⟨
(* Let $K>0$ and let $A,P,B,Q$ be points of $\mathbb S^3_K$ with $A\neq P$, $B\neq Q$. Let $M_1$ and $M_2$ be the midpoints of the shortests $AP$ and $BQ$, respectively. Then $\operatorname{cosq}_K(\overrightarrow{AP},\overrightarrow{BQ})=\operatorname{cosq}_K(\overrightarrow{AM_1},\overrightarrow{BM_2})$.
   Context: For $K>0$, $\mathbb S^3_K$ is the open hemisphere of radius $1/\sqrt K$ of the round 3-sphere with its intrinsic metric $\rho$ (all distances are $<\pi/\sqrt K$ and shortests are unique). Let $\kappa=\sqrt K$. For $A\neq P$, $B\neq Q$ put $x=\rho(A,P)$, $y=\rho(B,Q)$, $a=\rho(A,B)$, $b=\rho(P,Q)$, $d=\rho(P,B)$, $f=\rho(A,Q)$ and $$\operatorname{cosq}_K(\overrightarrow{AP},\overrightarrow{BQ})=\frac{\cos\kappa b+\cos\kappa x\cos\kappa y}{\sin\kappa x\sin\kappa y}-\frac{(\cos\kappa x+\cos\kappa d)(\cos\kappa y+\cos\kappa f)}{(1+\cos\kappa a)\sin\kappa x\sin\kappa y}.$$ *)

theory Defs
  imports "HOL-Analysis.Analysis"
begin

text \<open>Model of S^3_K: the open hemisphere (last coordinate positive) of the round
 3-sphere of radius 1/sqrt K centred at the origin of R^4, with its intrinsic
 (great-circle arc length) metric.\<close>

definition sphK :: "real \<Rightarrow> (real^4) set" where
  "sphK K = {x. norm x = 1 / sqrt K \<and> x $ 4 > 0}"

definition rhoK :: "real \<Rightarrow> real^4 \<Rightarrow> real^4 \<Rightarrow> real" where
  "rhoK K x y = arccos (K * (x \<bullet> y)) / sqrt K"

text \<open>M is the midpoint of the shortest XY (shortests are unique in S^3_K).\<close>
definition is_midpointK :: "real \<Rightarrow> real^4 \<Rightarrow> real^4 \<Rightarrow> real^4 \<Rightarrow> bool" where
  "is_midpointK K X Y M \<longleftrightarrow> M \<in> sphK K \<and>
     rhoK K X M = rhoK K X Y / 2 \<and> rhoK K M Y = rhoK K X Y / 2"

definition cosqK :: "real \<Rightarrow> real^4 \<Rightarrow> real^4 \<Rightarrow> real^4 \<Rightarrow> real^4 \<Rightarrow> real" where
  "cosqK K A P B Q =
    (let k = sqrt K;
         x = rhoK K A P; y = rhoK K B Q; a = rhoK K A B;
         b = rhoK K P Q; d = rhoK K P B; f = rhoK K A Q
     in (cos (k*b) + cos (k*x) * cos (k*y)) / (sin (k*x) * sin (k*y))
        - ((cos (k*x) + cos (k*d)) * (cos (k*y) + cos (k*f)))
          / ((1 + cos (k*a)) * sin (k*x) * sin (k*y)))"

end

theory Submission
  imports Defs
begin

text \<open>In the model \<open>cos (\<kappa> \<rho>(X,Y)) = K (X \<bullet> Y)\<close>, and with \<open>t = \<kappa> \<rho>(A,P)\<close> the midpoint is
  \<open>M\<^sub>1 = (A + P) / (2 cos (t/2))\<close>. So every cosine of a distance from \<open>M\<^sub>1\<close> is a linear
  combination of cosines of distances from \<open>A\<close> and \<open>P\<close>, and likewise for \<open>M\<^sub>2\<close>. Substituting
  these, together with \<open>cos t = 2 cos\<^sup>2(t/2) - 1\<close> and \<open>sin t = 2 sin(t/2) cos(t/2)\<close>, turns the
  two sides of the claim into the same rational function.\<close>

lemma inner_self_sphK:
  assumes "K > 0" "X \<in> sphK K"
  shows "X \<bullet> X = 1 / K"
proof -
  have "X \<bullet> X = (1 / sqrt K)\<^sup>2"
    using assms(2) by (simp add: sphK_def flip: power2_norm_eq_inner)
  with assms(1) show ?thesis by (simp add: power_divide)
qed

lemma abs_inner_sphK_le:
  assumes "K > 0" "X \<in> sphK K" "Y \<in> sphK K"
  shows "\<bar>K * (X \<bullet> Y)\<bar> \<le> 1"
proof -
  have "\<bar>X \<bullet> Y\<bar> \<le> norm X * norm Y" by (rule Cauchy_Schwarz_ineq2)
  also have "\<dots> = 1 / K"
    using assms by (simp add: sphK_def flip: real_sqrt_mult)
  finally show ?thesis using assms(1) by (simp add: abs_mult field_simps)
qed

lemma cos_rhoK:
  assumes "K > 0" "X \<in> sphK K" "Y \<in> sphK K"
  shows "cos (sqrt K * rhoK K X Y) = K * (X \<bullet> Y)"
  using abs_inner_sphK_le[OF assms] assms(1) by (simp add: rhoK_def cos_arccos_abs)

text \<open>The open hemisphere contains no pair of antipodal points.\<close>

lemma inner_sphK_gt:
  assumes "K > 0" "X \<in> sphK K" "Y \<in> sphK K"
  shows "K * (X \<bullet> Y) > -1"
proof (rule ccontr)
  assume "\<not> ?thesis"
  with abs_inner_sphK_le[OF assms] have "X \<bullet> Y = - 1 / K"
    using assms(1) by (simp add: field_simps)
  then have "(X + Y) \<bullet> (X + Y) = 0"
    using inner_self_sphK[OF assms(1,2)] inner_self_sphK[OF assms(1,3)]
    by (simp add: inner_add inner_commute)
  then have "Y $ 4 = - X $ 4"
    by (metis add_eq_0_iff inner_eq_zero_iff vector_add_component zero_index)
  with assms(2,3) show False by (simp add: sphK_def)
qed

lemma inner_sphK_lt:
  assumes "K > 0" "X \<in> sphK K" "Y \<in> sphK K" "X \<noteq> Y"
  shows "K * (X \<bullet> Y) < 1"
proof (rule ccontr)
  assume "\<not> ?thesis"
  with abs_inner_sphK_le[OF assms(1-3)] have "X \<bullet> Y = 1 / K"
    using assms(1) by (simp add: field_simps)
  then have "(X - Y) \<bullet> (X - Y) = 0"
    using inner_self_sphK[OF assms(1,2)] inner_self_sphK[OF assms(1,3)]
    by (simp add: inner_diff inner_commute)
  with assms(4) show False by simp
qed

lemma sqrt_rhoK_bounds:
  assumes "K > 0" "X \<in> sphK K" "Y \<in> sphK K" "X \<noteq> Y"
  shows "0 < sqrt K * rhoK K X Y" "sqrt K * rhoK K X Y < pi"
  using arccos_lt_bounded[of "K * (X \<bullet> Y)"] inner_sphK_gt[OF assms(1-3)] inner_sphK_lt[OF assms]
    assms(1) by (auto simp: rhoK_def)

lemma half_rhoK_midpointK:
  assumes "K > 0" "is_midpointK K X Y M"
  shows "sqrt K * rhoK K X M = sqrt K * rhoK K X Y / 2"
    and "sqrt K * rhoK K M Y = sqrt K * rhoK K X Y / 2"
  using assms(2) by (simp_all add: is_midpointK_def)

text \<open>\<open>M\<close> has norm \<open>1/\<surd>K\<close> and inner product \<open>cos(t/2)/K\<close> with both \<open>X\<close> and \<open>Y\<close>; the vector
  \<open>v = (X + Y) / (2 cos(t/2))\<close> then satisfies \<open>\<parallel>M - v\<parallel>\<^sup>2 = 0\<close>.\<close>

lemma midpointK_eq:
  assumes K: "K > 0" and XY: "X \<in> sphK K" "Y \<in> sphK K" "X \<noteq> Y"
    and M: "is_midpointK K X Y M"
  shows "M = (1 / (2 * cos (sqrt K * rhoK K X Y / 2))) *\<^sub>R (X + Y)"
proof -
  define t where "t = sqrt K * rhoK K X Y"
  define c where "c = cos (t / 2)"
  define v where "v = (1 / (2 * c)) *\<^sub>R (X + Y)"
  have c_pos: "c > 0"
    unfolding c_def t_def using sqrt_rhoK_bounds[OF K XY] by (intro cos_gt_zero_pi) auto
  have Ms: "M \<in> sphK K" using M by (simp add: is_midpointK_def)
  have "K * (X \<bullet> M) = c"
    using cos_rhoK[OF K XY(1) Ms] half_rhoK_midpointK(1)[OF K M] by (simp add: c_def t_def)
  moreover have "K * (M \<bullet> Y) = c"
    using cos_rhoK[OF K Ms XY(2)] half_rhoK_midpointK(2)[OF K M] by (simp add: c_def t_def)
  ultimately have XM: "X \<bullet> M = c / K" and YM: "Y \<bullet> M = c / K"
    using K by (simp_all add: field_simps inner_commute)
  have "K * (X \<bullet> Y) = 2 * c\<^sup>2 - 1"
    using cos_rhoK[OF K XY(1,2)] cos_double_cos[of "t / 2"] by (simp add: c_def t_def)
  then have XY_inner: "X \<bullet> Y = (2 * c\<^sup>2 - 1) / K"
    using K by (simp add: field_simps)
  have "(M - v) \<bullet> (M - v) = M \<bullet> M - (1 / c) * (X \<bullet> M + Y \<bullet> M)
          + (1 / (2 * c))\<^sup>2 * (X \<bullet> X + 2 * (X \<bullet> Y) + Y \<bullet> Y)"
    unfolding v_def by (simp add: inner_diff inner_add inner_commute algebra_simps power2_eq_square)
  also have "\<dots> = 0"
    unfolding XM YM XY_inner inner_self_sphK[OF K Ms] inner_self_sphK[OF K XY(1)]
      inner_self_sphK[OF K XY(2)]
    using c_pos K by (simp add: field_simps power2_eq_square)
  finally show ?thesis by (simp add: v_def c_def t_def)
qed

lemma cosq_half_angle_identity:
  fixes ab aq pb pq c1 c2 s1 s2 :: real
  assumes "1 + ab \<noteq> 0" "c1 \<noteq> 0" "c2 \<noteq> 0" "s1 \<noteq> 0" "s2 \<noteq> 0"
  shows "(pq + (2 * c1\<^sup>2 - 1) * (2 * c2\<^sup>2 - 1)) / (2 * s1 * c1 * (2 * s2 * c2))
      - ((2 * c1\<^sup>2 - 1) + pb) * ((2 * c2\<^sup>2 - 1) + aq) / ((1 + ab) * (2 * s1 * c1) * (2 * s2 * c2))
    = ((ab + aq + pb + pq) / (4 * c1 * c2) + c1 * c2) / (s1 * s2)
      - (c1 + (ab + pb) / (2 * c1)) * (c2 + (ab + aq) / (2 * c2)) / ((1 + ab) * s1 * s2)"
proof -
  define u where "u = 1 + ab"
  have ab: "ab = u - 1" and "u \<noteq> 0" using assms(1) by (simp_all add: u_def)
  then show ?thesis
    unfolding ab using assms(2-) by (simp add: field_simps) (simp add: algebra_simps power2_eq_square)
qed

theorem lemma3p2:
  fixes K :: real and A P B Q M1 M2 :: "real^4"
  assumes "K > 0"
    and "A \<in> sphK K" "P \<in> sphK K" "B \<in> sphK K" "Q \<in> sphK K"
    and "A \<noteq> P" "B \<noteq> Q"
    and "is_midpointK K A P M1" "is_midpointK K B Q M2"
  shows "cosqK K A P B Q = cosqK K A M1 B M2"
proof -
  note K = assms(1) and pts = assms(2-5)
  define t1 where "t1 = sqrt K * rhoK K A P"
  define t2 where "t2 = sqrt K * rhoK K B Q"
  define c1 where "c1 = cos (t1 / 2)"
  define s1 where "s1 = sin (t1 / 2)"
  define c2 where "c2 = cos (t2 / 2)"
  define s2 where "s2 = sin (t2 / 2)"
  have "0 < t1" "t1 < pi" "0 < t2" "t2 < pi"
    unfolding t1_def t2_def using sqrt_rhoK_bounds K pts assms(6,7) by auto
  then have pos: "c1 > 0" "c2 > 0" "s1 > 0" "s2 > 0"
    unfolding c1_def s1_def c2_def s2_def by (auto intro!: cos_gt_zero_pi sin_gt_zero)
  have AB: "1 + K * (A \<bullet> B) > 0" using inner_sphK_gt[OF K assms(2,4)] by simp
  have M1s: "M1 \<in> sphK K" and M2s: "M2 \<in> sphK K"
    using assms(8,9) by (simp_all add: is_midpointK_def)
  have M1: "M1 = (1 / (2 * c1)) *\<^sub>R (A + P)" and M2: "M2 = (1 / (2 * c2)) *\<^sub>R (B + Q)"
    using midpointK_eq[OF K assms(2,3,6,8)] midpointK_eq[OF K assms(4,5,7,9)]
    by (simp_all add: c1_def c2_def t1_def t2_def)
  have M1M2: "K * (M1 \<bullet> M2) =
      (K * (A \<bullet> B) + K * (A \<bullet> Q) + K * (P \<bullet> B) + K * (P \<bullet> Q)) / (4 * c1 * c2)"
    and M1B: "K * (M1 \<bullet> B) = (K * (A \<bullet> B) + K * (P \<bullet> B)) / (2 * c1)"
    and AM2: "K * (A \<bullet> M2) = (K * (A \<bullet> B) + K * (A \<bullet> Q)) / (2 * c2)"
    unfolding M1 M2 by (simp_all add: inner_add algebra_simps add_divide_distrib)
  show ?thesis
    unfolding cosqK_def Let_def half_rhoK_midpointK(1)[OF K assms(8)]
      half_rhoK_midpointK(1)[OF K assms(9)] t1_def[symmetric] t2_def[symmetric]
      cos_double_cos[of "t1 / 2", simplified] sin_double[of "t1 / 2", simplified]
      cos_double_cos[of "t2 / 2", simplified] sin_double[of "t2 / 2", simplified]
      c1_def[symmetric] c2_def[symmetric] s1_def[symmetric] s2_def[symmetric]
      cos_rhoK[OF K pts(1) M2s] cos_rhoK[OF K M1s pts(3)] cos_rhoK[OF K M1s M2s]
      cos_rhoK[OF K pts(1) pts(3)] cos_rhoK[OF K pts(1) pts(4)] cos_rhoK[OF K pts(2) pts(3)]
      cos_rhoK[OF K pts(2) pts(4)] M1M2 M1B AM2
    using pos AB by (intro cosq_half_angle_identity) auto
qed

end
⟩
**Exercise directions:** Your reply must contain exactly the lines from the first line of the data through the line holding "3-sphere of radius", and nothing more.

**Result of the task:**
(* Let $K>0$ and let $A,P,B,Q$ be points of $\mathbb S^3_K$ with $A\neq P$, $B\neq Q$. Let $M_1$ and $M_2$ be the midpoints of the shortests $AP$ and $BQ$, respectively. Then $\operatorname{cosq}_K(\overrightarrow{AP},\overrightarrow{BQ})=\operatorname{cosq}_K(\overrightarrow{AM_1},\overrightarrow{BM_2})$.
   Context: For $K>0$, $\mathbb S^3_K$ is the open hemisphere of radius $1/\sqrt K$ of the round 3-sphere with its intrinsic metric $\rho$ (all distances are $<\pi/\sqrt K$ and shortests are unique). Let $\kappa=\sqrt K$. For $A\neq P$, $B\neq Q$ put $x=\rho(A,P)$, $y=\rho(B,Q)$, $a=\rho(A,B)$, $b=\rho(P,Q)$, $d=\rho(P,B)$, $f=\rho(A,Q)$ and $$\operatorname{cosq}_K(\overrightarrow{AP},\overrightarrow{BQ})=\frac{\cos\kappa b+\cos\kappa x\cos\kappa y}{\sin\kappa x\sin\kappa y}-\frac{(\cos\kappa x+\cos\kappa d)(\cos\kappa y+\cos\kappa f)}{(1+\cos\kappa a)\sin\kappa x\sin\kappa y}.$$ *)

theory Defs
  imports "HOL-Analysis.Analysis"
begin

text \<open>Model of S^3_K: the open hemisphere (last coordinate positive) of the round
 3-sphere of radius 1/sqrt K centred at the origin of R^4, with its intrinsic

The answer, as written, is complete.